Ainsi, la distinction des deux tremps sera respectée, mais dans un intervalle extrêmement ramassé. Et surtout, d’un temps à l’autre, la mise en forme du topo initial est présentée comme un effort d’accommodation. Ce terme, qui désigne le « Procédé par lequel souvent on accommode une doctrine aux opinions, aux connaissances, aux préjugés de ceux à qui on l’enseigne » (Littré), est tout à fait intéressant ici. Il fallait le détour par un public d’apprentis philosophes pour que soit opérée dans le public des lecteurs de La Psychanalyse la coupure entre ceux à qui il est destiné et qui sont donc aptes à le comprendre, en d’autres termes ceux qui parmi les analystes savent ce que philosophie et littérature veulent dire, et ceux qui de toute façon se sont mis hors du jeu.
2 Comment oublier en effet …
N’oublions pas la lettre du titre, qui nous renvoie aussi aux lettres, à l’universitas litterarum, à la littérature.

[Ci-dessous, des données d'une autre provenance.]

lemma higher_deriv_reciprocal_poly:
  fixes p :: "'a::real_normed_field poly"
  assumes "x \<noteq> 0" and "n > 0"
  shows "(deriv ^^ n) (\<lambda>x. x ^ (n - 1) * poly p (inverse x)) x =
    (-1) ^ n * inverse x ^ (n + 1) * poly ((pderiv ^^ n) p) (inverse x)"
proof -
  have "eventually (\<lambda>x. x \<noteq> 0) (nhds x)"
    using assms(1) by (rule t1_space_nhds)
  then have "eventually (\<lambda>x. x ^ (n - 1) * poly p (inverse x) =
      (\<Sum>k\<le>degree p. coeff p k * power_int x (int n - 1 - int k))) (nhds x)"
  proof eventually_elim
    case (elim x)
    have pow: "x ^ (n - 1) * inverse x ^ k = power_int x (int n - 1 - int k)" for k
    proof -
      have "int n - 1 - int k = int (n - 1) + - int k"
        using assms(2) by simp
      then show ?thesis
        by (simp only: power_int_add[OF disjI1[OF elim]] power_int_minus power_int_of_nat
            power_inverse)
    qed
    show ?case
      by (simp add: poly_altdef sum_distrib_left mult.left_commute flip: pow)
  qed
  then have "(deriv ^^ n) (\<lambda>x. x ^ (n - 1) * poly p (inverse x)) x =
      (deriv ^^ n) (\<lambda>x. \<Sum>k\<le>degree p. coeff p k * power_int x (int n - 1 - int k)) x"
    by (rule higher_deriv_cong_ev) simp
  also have "\<dots> = (\<Sum>k\<le>degree p. coeff p k * (\<Prod>i<n. of_int (int n - 1 - int k - int i)) *
      power_int x (int n - 1 - int k - int n))"
    by (rule higher_deriv_power_int_sum[OF assms(1)])
  also have "\<dots> = (-1) ^ n * inverse x ^ (n + 1) *
      (\<Sum>k\<le>degree p. coeff p k * (\<Prod>i<n. of_nat k - of_nat i) * (inverse x - 0) ^ (k - n))"
    unfolding sum_distrib_left
  proof (rule sum.cong[OF refl])
    fix k
    have reflect: "(\<Prod>i<n. of_int (int n - 1 - int k - int i)) =
        (-1) ^ n * (\<Prod>i<n. of_nat k - of_nat i :: 'a)"
      by (rule prod_falling_reflect)
    show "coeff p k * (\<Prod>i<n. of_int (int n - 1 - int k - int i)) *
        power_int x (int n - 1 - int k - int n) =
        (-1) ^ n * inverse x ^ (n + 1) *
        (coeff p k * (\<Prod>i<n. of_nat k - of_nat i) * (inverse x - 0) ^ (k - n))"
    proof (cases "k < n")
      case True
      then have "(\<Prod>i<n. of_nat k - of_nat i :: 'a) = 0"
        by (intro prod_zero bexI[of _ k]) auto
      then show ?thesis
        by (simp only: reflect mult_zero_left mult_zero_right)
    next
      case False
      have "int n - 1 - int k - int n = - int (k + 1)"
        by simp
      then have "power_int x (int n - 1 - int k - int n) = inverse x ^ (k + 1)"
        by (simp only: power_int_minus power_int_of_nat power_inverse)
      also have "k + 1 = (n + 1) + (k - n)"
        using False by simp
      finally have "power_int x (int n - 1 - int k - int n) = inverse x ^ (n + 1) * inverse x ^ (k - n)"
        by (simp only: power_add)
      then show ?thesis
        by (simp only: reflect) (simp add: mult_ac)
    qed
  qed
  also have "(\<Sum>k\<le>degree p. coeff p k * (\<Prod>i<n. of_nat k - of_nat i) * (inverse x - 0) ^ (k - n)) =
      poly ((pderiv ^^ n) p) (inverse x)"
  proof -
    have "poly ((pderiv ^^ n) p) (inverse x) = (deriv ^^ n) (poly p) (inverse x)"
      by (simp add: higher_deriv_poly)
    also have "poly p = (\<lambda>y. \<Sum>k\<le>degree p. coeff p k * (y - 0) ^ k)"
      by (simp add: poly_altdef fun_eq_iff)
    also have "(deriv ^^ n) \<dots> (inverse x) =
        (\<Sum>k\<le>degree p. coeff p k * (\<Prod>i<n. of_nat k - of_nat i) * (inverse x - 0) ^ (k - n))"
      by (rule higher_deriv_power_sum)
    finally show ?thesis ..
  qed
  finally show ?thesis .
qed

Domaines auxquels Freud n’a jamais cessé de se référer. Les lettres ne sont pas à la périphérie du champ de la psychanalyse, elles y occupent une position centrale.
3 Ainsi le recours…
Le mouvement du discours, qui suppose un espace déterminé, mouvement qui va
Ce passage, passablement énigmatique au premier abord est tout à fait important. C’est en s’adressant à des profanes en analyse mais néanmoins soucieux des questions de langage que Lacan va développer son propos freudien, consommant la rupture avec les psychanalystes dévoyés qui auraient dû être ses destinataires légitimes.
4 Je veux dire…
Ces psychanalystes tolèrent que leur discipline se prévale d’une fausse identité. Il y a imposture. Ils appellent psychanalyse une discipline qui, d’un point de vue freudien n’en est pas.
Quelles que soient les raisons qu’ils invoquent, ils ne sont pas excusables.
5 Vice d’habitude…
Cette « tolérance » est telle que n’importe quoi peut passer pour psychanalyse et que dans ce concert de fausse notes, s’il s’en trouve de vraies, elles ne soient plus identifiables.
6. C’est ainsi qu’on observe …
On en trouve même qui se découvrent un intérêt subit pour la symbolisation et le langage. Les études dans ce sens se multiplient.
7. Et comment même un psychanalyste…
Mais, bon sang, la symbolisation et le langage ne sont pas des accessoires, des centres d’intérêt, puisqu’ils sont au coeur de la pratique analytique depuis les origines !
A mi-chemin entre l’écrit et la parole, il y a pourtant déjà quelque chose dans le ton qui tranche avec le Séminaire.